Return the initial shape of self.

EXAMPLES:

sage: t = path_tableaux.DyckPath([0,1,2,3,2,1,0])
sage: t.initial_shape()
0

local_rule(i)#

This is the abstract local rule defined in any coboundary category.

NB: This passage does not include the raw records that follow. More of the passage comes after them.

lemma AE_in_unit_cube_if_distr_unif_cube:
  fixes W :: "'a \<Rightarrow> real^'d"
  assumes "W \<in> borel_measurable M" and "distr M lborel W = unif_cube"
  shows "AE \<omega> in M. W \<omega> \<in> unit_cube"
proof -
  have "AE u in unif_cube. u \<in> (unit_cube :: (real^'d) set)"
    unfolding unif_cube_def unit_cube_def by (rule AE_uniform_measureI) auto
  then have "AE u in distr M lborel W. u \<in> unit_cube"
    unfolding assms(2) .
  then show ?thesis
    using assms(1) by (intro AE_distrD[of W M lborel]) simp_all
qed

lemma integrable_bounded_mult:
  fixes f g :: "'a \<Rightarrow> real"
  assumes "integrable M f" and "g \<in> borel_measurable M" and "\<And>x. \<bar>g x\<bar> \<le> B"
  shows "integrable M (\<lambda>x. g x * f x)"
proof (rule Bochner_Integration.integrable_bound[of _ "\<lambda>x. B * f x"])
  show "integrable M (\<lambda>x. B * f x)" using assms(1) by simp
  have "\<bar>g x * f x\<bar> \<le> \<bar>B * f x\<bar>" for x
  proof -
    have "\<bar>g x * f x\<bar> \<le> B * \<bar>f x\<bar>"
      using assms(3)[of x] by (simp add: abs_mult mult_right_mono)
    also have "\<dots> \<le> \<bar>B\<bar> * \<bar>f x\<bar>" by (rule mult_right_mono) auto
    also have "\<dots> = \<bar>B * f x\<bar>" by (simp add: abs_mult)
    finally show ?thesis .
  qed
  then show "AE x in M. norm (g x * f x) \<le> norm (B * f x)" by simp
  show "(\<lambda>x. g x * f x) \<in> borel_measurable M"
    by (rule borel_measurable_times[OF assms(2) borel_measurable_integrable[OF assms(1)]])
qed

lemma mean_indep_zero_integral_mult:
  fixes X :: "'a \<Rightarrow> real^'n" and W :: "'a \<Rightarrow> 'b::topological_space" and g :: "'b \<Rightarrow> real"
  assumes "finite_measure M" and indep: "mean_indep_zero M X W"
    and W: "W \<in> borel_measurable M" and X: "integrable M X"
    and g: "g \<in> borel_measurable borel" and g_bound: "\<And>u. \<bar>g u\<bar> \<le> B"
  shows "integrable M (\<lambda>\<omega>. g (W \<omega>) * X \<omega> $ i)"
    and "(\<integral>\<omega>. g (W \<omega>) * X \<omega> $ i \<partial>M) = 0"
proof -
  interpret finite_measure M by fact
  define F where "F = vimage_algebra (space M) W borel"
  have "subalgebra M F"
    using W by (auto simp: subalgebra_def F_def sets_vimage_algebra2 measurable_def)
  then interpret finite_measure_subalgebra M F
    by unfold_locales
  have "W \<in> measurable F borel"
    unfolding F_def by (rule measurable_vimage_algebra1) simp
  then have gW_F: "(\<lambda>\<omega>. g (W \<omega>)) \<in> borel_measurable F"
    using g by (rule measurable_compose)
  have Xi: "integrable M (\<lambda>\<omega>. X \<omega> $ i)"
    using integrable_bounded_linear[OF bounded_linear_vec_nth X] .
  show int: "integrable M (\<lambda>\<omega>. g (W \<omega>) * X \<omega> $ i)"
    using integrable_bounded_mult[OF Xi measurable_compose[OF W g] g_bound] .
  have "AE \<omega> in M. real_cond_exp M F (\<lambda>\<omega>. X \<omega> $ i) \<omega> = 0"
    using indep unfolding mean_indep_zero_def F_def by simp
  have "(\<integral>\<omega>. g (W \<omega>) * X \<omega> $ i \<partial>M)
      = (\<integral>\<omega>. g (W \<omega>) * real_cond_exp M F (\<lambda>\<omega>. X \<omega> $ i) \<omega> \<partial>M)"
    by (rule real_cond_exp_intg(2)[OF int gW_F borel_measurable_integrable[OF Xi], symmetric])
  also have "\<dots> = 0"
    using \<open>AE \<omega> in M. real_cond_exp M F (\<lambda>\<omega>. X \<omega> $ i) \<omega> = 0\<close>
    by (intro integral_eq_zero_AE) (auto elim: eventually_mono)
  finally show "(\<integral>\<omega>. g (W \<omega>) * X \<omega> $ i \<partial>M) = 0" .
qed
(* Let $\boldsymbol{A}\in\mathbb{R}^{n\times m}$ have full column rank and rows $\boldsymbol{a}_1,\dots,\boldsymbol{a}_n$. Let $\boldsymbol{b}\in\mathbb{R}^n$ (a vector, not to be confused with the batch size $b$), and let $\boldsymbol{x}_*=\arg\min_{\boldsymbol{x}}\frac12\|\boldsymbol{A}\boldsymbol{x}-\boldsymbol{b}\|_2^2$. Let the batch size $b$ divide $n$, let $d=n/b$, and let $\tau_1,\dots,\tau_d$ be a partition of $\{1,\dots,n\}$ into sets of size $b$. Let $\boldsymbol{A}_{\tau_i}$ and $\boldsymbol{b}_{\tau_i}$ denote the rows of $\boldsymbol{A}$ and the entries of $\boldsymbol{b}$ indexed by $\tau_i$. Let $\|\cdot\|$ be the spectral norm and $\sigma_{\min}(\boldsymbol{A})$ the smallest singular value of $\boldsymbol{A}$. Define $$p(\tau_i)=\frac{b}{2n}+\frac12\cdot\frac{\|\boldsymbol{A}_{\tau_i}\|^2}{\sum_{j=1}^d\|\boldsymbol{A}_{\tau_j}\|^2}.$$ Fix $\varepsilon>0$ and $\boldsymbol{x}_0$, and let $\varepsilon_0=\|\boldsymbol{x}_0-\boldsymbol{x}_*\|_2^2$. Consider the iteration $$\boldsymbol{x}_{k+1}=\boldsymbol{x}_k-\frac{\gamma}{p(\tau_{i_k})}\sum_{j\in\tau_{i_k}}(\langle\boldsymbol{a}_j,\boldsymbol{x}_k\rangle-b_j)\boldsymbol{a}_j,$$ with batches drawn i.i.d. from $p$ and step size $$\gamma=\frac{\frac14\varepsilon}{\varepsilon\sum_{i=1}^d\|\boldsymbol{A}_{\tau_i}\|^2+d\,\sigma_{\min}^{-2}(\boldsymbol{A})\sum_{i=1}^d\|\boldsymbol{A}_{\tau_i}\|^2\|\boldsymbol{A}_{\tau_i}\boldsymbol{x}_*-\boldsymbol{b}_{\tau_i}\|_2^2}.$$ Then after $$k=\Big\lceil4\log(2\varepsilon_0/\varepsilon)\Big(\sigma_{\min}^{-2}(\boldsymbol{A})\sum_{i=1}^d\|\boldsymbol{A}_{\tau_i}\|^2+\frac{d\,\sigma_{\min}^{-4}(\boldsymbol{A})\sum_{i=1}^d\|\boldsymbol{A}_{\tau_i}\|^2\|\boldsymbol{A}_{\tau_i}\boldsymbol{x}_*-\boldsymbol{b}_{\tau_i}\|_2^2}{\varepsilon}\Big)\Big\rceil$$ iterations one has $\mathbb{E}^{(p)}\|\boldsymbol{x}_k-\boldsymbol{x}_*\|_2^2\le\varepsilon$.
   Context: $\mathbb{E}^{(p)}$ denotes expectation over the batch indices drawn independently at each iteration according to $p$. *)

theory Defs
  imports "HOL-Analysis.Analysis"
begin

text \<open>Rows of A are A $ j (j :: 'n), columns indexed by 'm.
  The submatrix A_T (rows indexed by T) is represented by A with the rows outside T
  replaced by zero; this does not change its spectral norm.\<close>

definition block_map :: "real^'m^'n \<Rightarrow> 'n set \<Rightarrow> real^'m \<Rightarrow> real^'n" where
  "block_map A T x = (\<chi> j. if j \<in> T then (A $ j) \<bullet> x else 0)"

This has input a list of objects. This method first takes the list of objects of length three consisting of the \((i-1)\)-st, \(i\)-th and \((i+1)\)-term and applies the rule. It then replaces the \(i\)-th object by the object returned by the rule.

EXAMPLES:

sage: t = path_tableaux.DyckPath([0,1,2,3,2,1,0])
sage: t.local_rule(3)
[0, 1, 2, 1, 2, 1, 0]

orbit()#

Return the orbit of self under the action of the cactus group.

EXAMPLES:

sage: t = path_tableaux.DyckPath([0,1,2,3,2,1,0])
sage: t.orbit()
{[0, 1, 0, 1, 0, 1, 0],
 [0, 1, 0, 1, 2, 1, 0],
 [0, 1, 2, 1, 0, 1, 0],
 [0, 1, 2, 1, 2, 1, 0],
 [0, 1, 2, 3, 2, 1, 0]}

promotion()#

Return the promotion operator applied to self.

EXAMPLES:

sage: t = path_tableaux.DyckPath([0,1,2,3,2,1,0])
sage: t.promotion()
[0, 1, 2, 1, 0, 1, 0]

size()#

Return the size or length of self.

EXAMPLES:

sage: t = path_tableaux.DyckPath([0,1,2,3,2,1,0])
sage: t.size()
7

class sage.combinat.path_tableaux.path_tableau.PathTableaux#

Bases: UniqueRepresentation, Parent

The abstract parent class for PathTableau.